───── DATASET EXTRACT ─────
text \<open>On a walk inside the block from x to a non-neighbour of x, the first non-neighbour z follows
  a neighbour y; as y is not a cut vertex, x and z stay connected without y.\<close>
lemma block_not_clique_induced_path:
  assumes "simple_graph V E" and "block V E B EB" and "\<not> is_clique B EB"
  obtains x y z where "{x, y} \<in> E" "{y, z} \<in> E" "{x, z} \<notin> E" "x \<noteq> z"
    "(x, z) \<in> (adj {e \<in> E. y \<notin> e})\<^sup>*"
proof -
  have B: "subgraph B EB V E" "connected_graph B EB" "has_no_cut_vertex B EB"
    using assms(2) unfolding block_def by blast+
  then have EB_E: "EB \<subseteq> E" by (simp add: subgraph_def)
  obtain x c where xc: "x \<in> B" "c \<in> B" "x \<noteq> c" "{x, c} \<notin> EB"
    using assms(3) unfolding is_clique_def by blast
  then have "{x, c} \<notin> E" using block_edge_if_adjacent[OF assms(2)] by blast
  have "(x, c) \<in> (adj EB)\<^sup>*" using B(2) xc by (simp add: connected_graph_def)
  then have "c \<noteq> x \<longrightarrow> {x, c} \<notin> E \<longrightarrow> (\<exists>y z. {x, y} \<in> E \<and> {y, z} \<in> EB \<and> z \<noteq> x \<and> {x, z} \<notin> E)"
  proof (induction rule: rtrancl_induct)
    case (step y c)
    then have "{y, c} \<in> EB" by (simp add: mem_adj_iff)
    then show ?case using step.IH EB_E by (cases "y = x") blast+
  qed simp
  then obtain y z where yz: "{x, y} \<in> E" "{y, z} \<in> EB" "z \<noteq> x" "{x, z} \<notin> E"
    using xc \<open>{x, c} \<notin> E\<close> by blast
  have "y \<in> B" "z \<in> B" using yz(2) B(1) by (auto simp: subgraph_def)
  moreover have "y \<noteq> x" "y \<noteq> z"
    using simple_graph_edgeD[OF assms(1) yz(1)] simple_graph_edgeD[OF assms(1)] yz(2) EB_E by blast+
  moreover have "(x, z) \<in> (adj EB)\<^sup>*" using B(2) xc \<open>z \<in> B\<close> by (simp add: connected_graph_def)
  ultimately have "(x, z) \<in> (adj {e \<in> EB. y \<notin> e})\<^sup>*"
    using B(3) xc(1) yz(3) unfolding has_no_cut_vertex_def cut_vertex_def by blast
  moreover have "{e \<in> EB. y \<notin> e} \<subseteq> {e \<in> E. y \<notin> e}" using EB_E by blast
  ultimately have "(x, z) \<in> (adj {e \<in> E. y \<notin> e})\<^sup>*" using rtrancl_adj_mono by blast
  then show ?thesis using that yz EB_E by blast
qed

lemma walk_vertices_subset:
  assumes "simple_graph V E" and "0 < k" and "\<And>i. i < k \<Longrightarrow> {p i, p (Suc i)} \<in> E"
  shows "p ` {..k} \<subseteq> V"
proof
  fix v assume "v \<in> p ` {..k}"
  then obtain i where i: "i \<le> k" "v = p i" by blast
  show "v \<in> V"
  proof (cases "i < k")
    case True
    then show ?thesis using i(2) simple_graph_edgeD[OF assms(1) assms(3)[OF True]] by blast
  next
    case False
    then have "{p (k - 1), v} \<in> E" using assms(3)[of "k - 1"] assms(2) i by simp
    then show ?thesis using simple_graph_edgeD[OF assms(1)] by blast
  qed
qed

lemma ranking_path_first:
  assumes "finite V" and "0 < k" and "inj_on p {..k}" and "p ` {..k} \<subseteq> V"
  obtains f where "f \<in> rankings V" "f (p 0) = 0" "f (p k) = 1" "\<And>i. i \<le> k \<Longrightarrow> f (p i) \<le> k"
    "\<And>w. w \<in> V \<Longrightarrow> f w \<le> k \<Longrightarrow> w \<in> p ` {..k}"
proof -
  define Q where "Q = map p (0 # k # [1..<k])"
  have set_idx: "set (0 # k # [1..<k]) = {..k}" using assms(2) by auto
  have "distinct (0 # k # [1..<k])" using assms(2) by auto
  then have Q: "set Q = p ` {..k}" "length Q = Suc k" "distinct Q"
    using assms(2,3) unfolding Q_def set_map distinct_map set_idx by auto
  obtain f where f: "f \<in> rankings V" and fQ: "\<And>i. i < length Q \<Longrightarrow> f (Q ! i) = i"
    and early: "\<And>w. w \<in> V \<Longrightarrow> f w < length Q \<Longrightarrow> w \<in> set Q"
    using ranking_extending_list[OF assms(1) Q(3)] Q(1) assms(4) by metis
  have "f (p 0) = 0" "f (p k) = 1" using fQ[of 0] fQ[of 1] Q(2) by (auto simp: Q_def)
  moreover have "f (p i) \<le> k" if "i \<le> k" for i
  proof -
    have "p i \<in> set Q" using that Q(1) by simp
    then obtain j where "j < length Q" "Q ! j = p i" by (auto simp: in_set_conv_nth)
    then show ?thesis using fQ Q(2) by force
  qed
  moreover have "w \<in> p ` {..k}" if "w \<in> V" "f w \<le> k" for w
    using early[OF that(1)] that(2) Q(1,2) by simp
  ultimately show ?thesis using that f by blast
qed

lemma chordless_path_adjacent_indices:
  assumes "simple_graph V E"
    and chordless: "\<And>i j. i < j \<Longrightarrow> j \<le> k \<Longrightarrow> {p i, p j} \<in> E \<Longrightarrow> j = Suc i"
    and "i \<le> k" "l \<le> k" "{p i, p l} \<in> E"
  shows "l = Suc i \<or> i = Suc l"
proof -
  have "i \<noteq> l" using simple_graph_edgeD[OF assms(1,5)] by auto
  then consider "i < l" | "l < i" by linarith
  then show ?thesis
  proof cases
    case 1
    then show ?thesis using chordless[of i l] assms(3-5) by simp
  next
    case 2
    then show ?thesis using chordless[of l i] assms(3-5) by (simp add: insert_commute)
  qed
qed

text \<open>Rank the chordless path p 0, ..., p k first, in the order p 0, p k, p 1, ..., p (k - 1).
  Then every vertex ranked before p i lies on the path and so is not a common neighbour of a path
  edge, and only p 0, which is not adjacent to p k, comes before p k.\<close>
lemma early_edges_cycle_ranking:
  assumes "simple_graph V E" and "k \<ge> 2" and "inj_on p {..k}"
    and walk: "\<And>i. i < k \<Longrightarrow> {p i, p (Suc i)} \<in> E"
    and chordless: "\<And>i j. i < j \<Longrightarrow> j \<le> k \<Longrightarrow> {p i, p j} \<in> E \<Longrightarrow> j = Suc i"
    and "{p 0, y} \<in> E" and "{p k, y} \<in> E"
  obtains f where "f \<in> rankings V" "\<And>i. i < k \<Longrightarrow> {p i, p (Suc i)} \<in> early_edges E f"
    "{p 0, y} \<in> early_edges E f" "{p k, y} \<in> early_edges E f"
proof -
  have "finite V" "0 < k" using assms(1,2) by (simp_all add: simple_graph_def)
  have path_V: "p ` {..k} \<subseteq> V"
    by (rule walk_vertices_subset[where p = p, OF assms(1) \<open>0 < k\<close> walk])
  obtain f where f: "f \<in> rankings V" and f0: "f (p 0) = 0" and fk: "f (p k) = 1"
    and f_path: "\<And>i. i \<le> k \<Longrightarrow> f (p i) \<le> k"
    and early_on_path: "\<And>w. w \<in> V \<Longrightarrow> f w \<le> k \<Longrightarrow> w \<in> p ` {..k}"
    using ranking_path_first[OF \<open>finite V\<close> \<open>0 < k\<close> assms(3) path_V] by metis
  have inj: "inj_on f V" using inj_on_ranking[OF f] .
  have adj_idx: "l = Suc i \<or> i = Suc l" if "i \<le> k" "l \<le> k" "{p i, p l} \<in> E" for i l
    by (rule chordless_path_adjacent_indices[where p = p and k = k, OF assms(1) _ that]) (rule chordless)
  have "{p i, p (Suc i)} \<in> early_edges E f" if "i < k" for i
  proof (rule early_edgesI[OF assms(1) inj walk[OF that]])
    fix w assume w: "w \<in> common_nbrs E {p i, p (Suc i)}" "f w < f (p i)"
    then have "w \<in> V" using common_nbrs_subset[OF assms(1) walk[OF that]] by blast
    then have "w \<in> p ` {..k}" using early_on_path f_path[of i] w(2) that by simp
    then obtain l where l: "l \<le> k" "w = p l" by blast
    then have "l = Suc i \<or> i = Suc l" "l = Suc (Suc i) \<or> Suc i = Suc l"
      using w(1) adj_idx[of i l] adj_idx[of "Suc i" l] that by (auto simp: mem_common_nbrs_pair)
    then show False by auto
  qed
  moreover have "{p 0, y} \<in> early_edges E f"
    by (rule early_edgesI[OF assms(1) inj assms(6)]) (simp add: f0)
  moreover have "{p k, y} \<in> early_edges E f"
  proof (rule early_edgesI[OF assms(1) inj assms(7)])
    fix w assume w: "w \<in> common_nbrs E {p k, y}" "f w < f (p k)"
    then have "w \<in> V" using common_nbrs_subset[OF assms(1,7)] by blast
    moreover have "p 0 \<in> V" using path_V by auto
    moreover have "f w = f (p 0)" using w(2) fk f0 by simp
    ultimately have "w = p 0" using inj_onD[OF inj] by blast
    then have "{p 0, p k} \<in> E" using w(1) by (simp add: mem_common_nbrs_pair insert_commute)
    then show False using adj_idx[of 0 k] assms(2) by simp
  qed
  ultimately show ?thesis using that f by blast
qed

text \<open>A shortest x-z path avoiding y closes, through y, a cycle that has chords at most at y.\<close>
lemma block_not_clique_chordless_cycle:
  assumes "simple_graph V E" and "block V E B EB" and "\<not> is_clique B EB"
  obtains y p k where "k \<ge> 2" "inj_on p {..k}" "\<And>i. i < k \<Longrightarrow> {p i, p (Suc i)} \<in> E"
    "\<And>i j. i < j \<Longrightarrow> j \<le> k \<Longrightarrow> {p i, p j} \<in> E \<Longrightarrow> j = Suc i"
    "\<And>i. i \<le> k \<Longrightarrow> p i \<noteq> y" "{p 0, y} \<in> E" "{p k, y} \<in> E"
proof -
  obtain x y z where xyz: "{x, y} \<in> E" "{y, z} \<in> E" "{x, z} \<notin> E" "x \<noteq> z"
    and avoid_y: "(x, z) \<in> (adj {e \<in> E. y \<notin> e})\<^sup>*"
    by (rule block_not_clique_induced_path[OF assms]) (rule that)
  obtain p k where p: "p 0 = x" "p k = z" "k \<ge> 1"
    and walk: "\<And>i. i < k \<Longrightarrow> {p i, p (Suc i)} \<in> {e \<in> E. y \<notin> e}" and inj: "inj_on p {..k}"
    and chordless: "\<And>i j. i < j \<Longrightarrow> j \<le> k \<Longrightarrow> {p i, p j} \<in> {e \<in> E. y \<notin> e} \<Longrightarrow> j = Suc i"
    by (rule induced_path_exists[OF avoid_y xyz(4)]) (rule that)
  have off_y: "p i \<noteq> y" if "i \<le> k" for i
  proof (cases "i < k")
    case True
    then show ?thesis using walk by blast
  next
    case False
    then show ?thesis using that p(2) simple_graph_edgeD[OF assms(1) xyz(2)] by auto
  qed
  have "k \<noteq> 1" using walk[of 0] p(1,2) xyz(3) by auto
  then have "k \<ge> 2" using p(3) by simp
  moreover have "j = Suc i" if "i < j" "j \<le> k" "{p i, p j} \<in> E" for i j
    using chordless[OF that(1,2)] that off_y[of i] off_y[of j] by simp
  moreover have "{p 0, y} \<in> E" "{p k, y} \<in> E"
    using xyz(1,2) p(1,2) by (simp_all add: insert_commute)
  ultimately show ?thesis using that[OF _ inj _ _ off_y] walk by blast
qed

lemma card_early_edges_ge_if_not_clique_block:
  assumes "simple_graph V E" and "connected_graph V E"
    and "block V E B EB" and "\<not> is_clique B EB"
  obtains f where "f \<in> rankings V" "card V \<le> card (early_edges E f)"
proof -
  obtain y p k where "k \<ge> 2" and inj: "inj_on p {..k}"
    and walk: "\<And>i. i < k \<Longrightarrow> {p i, p (Suc i)} \<in> E"
    and chordless: "\<And>i j. i < j \<Longrightarrow> j \<le> k \<Longrightarrow> {p i, p j} \<in> E \<Longrightarrow> j = Suc i"
    and off_y: "\<And>i. i \<le> k \<Longrightarrow> p i \<noteq> y" and y_ends: "{p 0, y} \<in> E" "{p k, y} \<in> E"
    by (rule block_not_clique_chordless_cycle[OF assms(1,3,4)]) (rule that)
  obtain f where f: "f \<in> rankings V" and H_walk: "\<And>i. i < k \<Longrightarrow> {p i, p (Suc i)} \<in> early_edges E f"
    and H0: "{p 0, y} \<in> early_edges E f" and Hk: "{p k, y} \<in> early_edges E f"
    using early_edges_cycle_ranking[OF assms(1) \<open>k \<ge> 2\<close> inj walk chordless y_ends] by blast
  let ?H = "early_edges E f - {{p k, y}}"
  have "p 0 \<noteq> p k" using inj_on_contraD[OF inj, of 0 k] \<open>k \<ge> 2\<close> by simp
  then have edge_H: "(p 0, y) \<in> adj ?H" using H0 by (auto simp: mem_adj_iff doubleton_eq_iff)
  have "(p 0, p k) \<in> (adj ?H)\<^sup>*"
    using H_walk off_y by (intro rtrancl_adj_walk) (auto simp: doubleton_eq_iff)
  then have "(p k, y) \<in> (adj ?H)\<^sup>*"
    using rtrancl_into_rtrancl[OF rtrancl_adj_sym edge_H] by blast
  then have "card V \<le> card (early_edges E f)"
    by (rule card_ge_if_redundant_edge[OF simple_graph_subset[OF assms(1) early_edges_subset]
          connected_early_edges[OF assms(1,2) inj_on_ranking[OF f]] Hk])
  then show ?thesis by (rule that[OF f])
qed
─────
* **WORK ORDER**: All lines in the records above with "unfolding" need to be found and copied.

* **SOLUTION FOR THIS EXERCISE**:
    using assms(2) unfolding block_def by blast+
    using assms(3) unfolding is_clique_def by blast
    using B(3) xc(1) yz(3) unfolding has_no_cut_vertex_def cut_vertex_def by blast
    using assms(2,3) unfolding Q_def set_map distinct_map set_idx by auto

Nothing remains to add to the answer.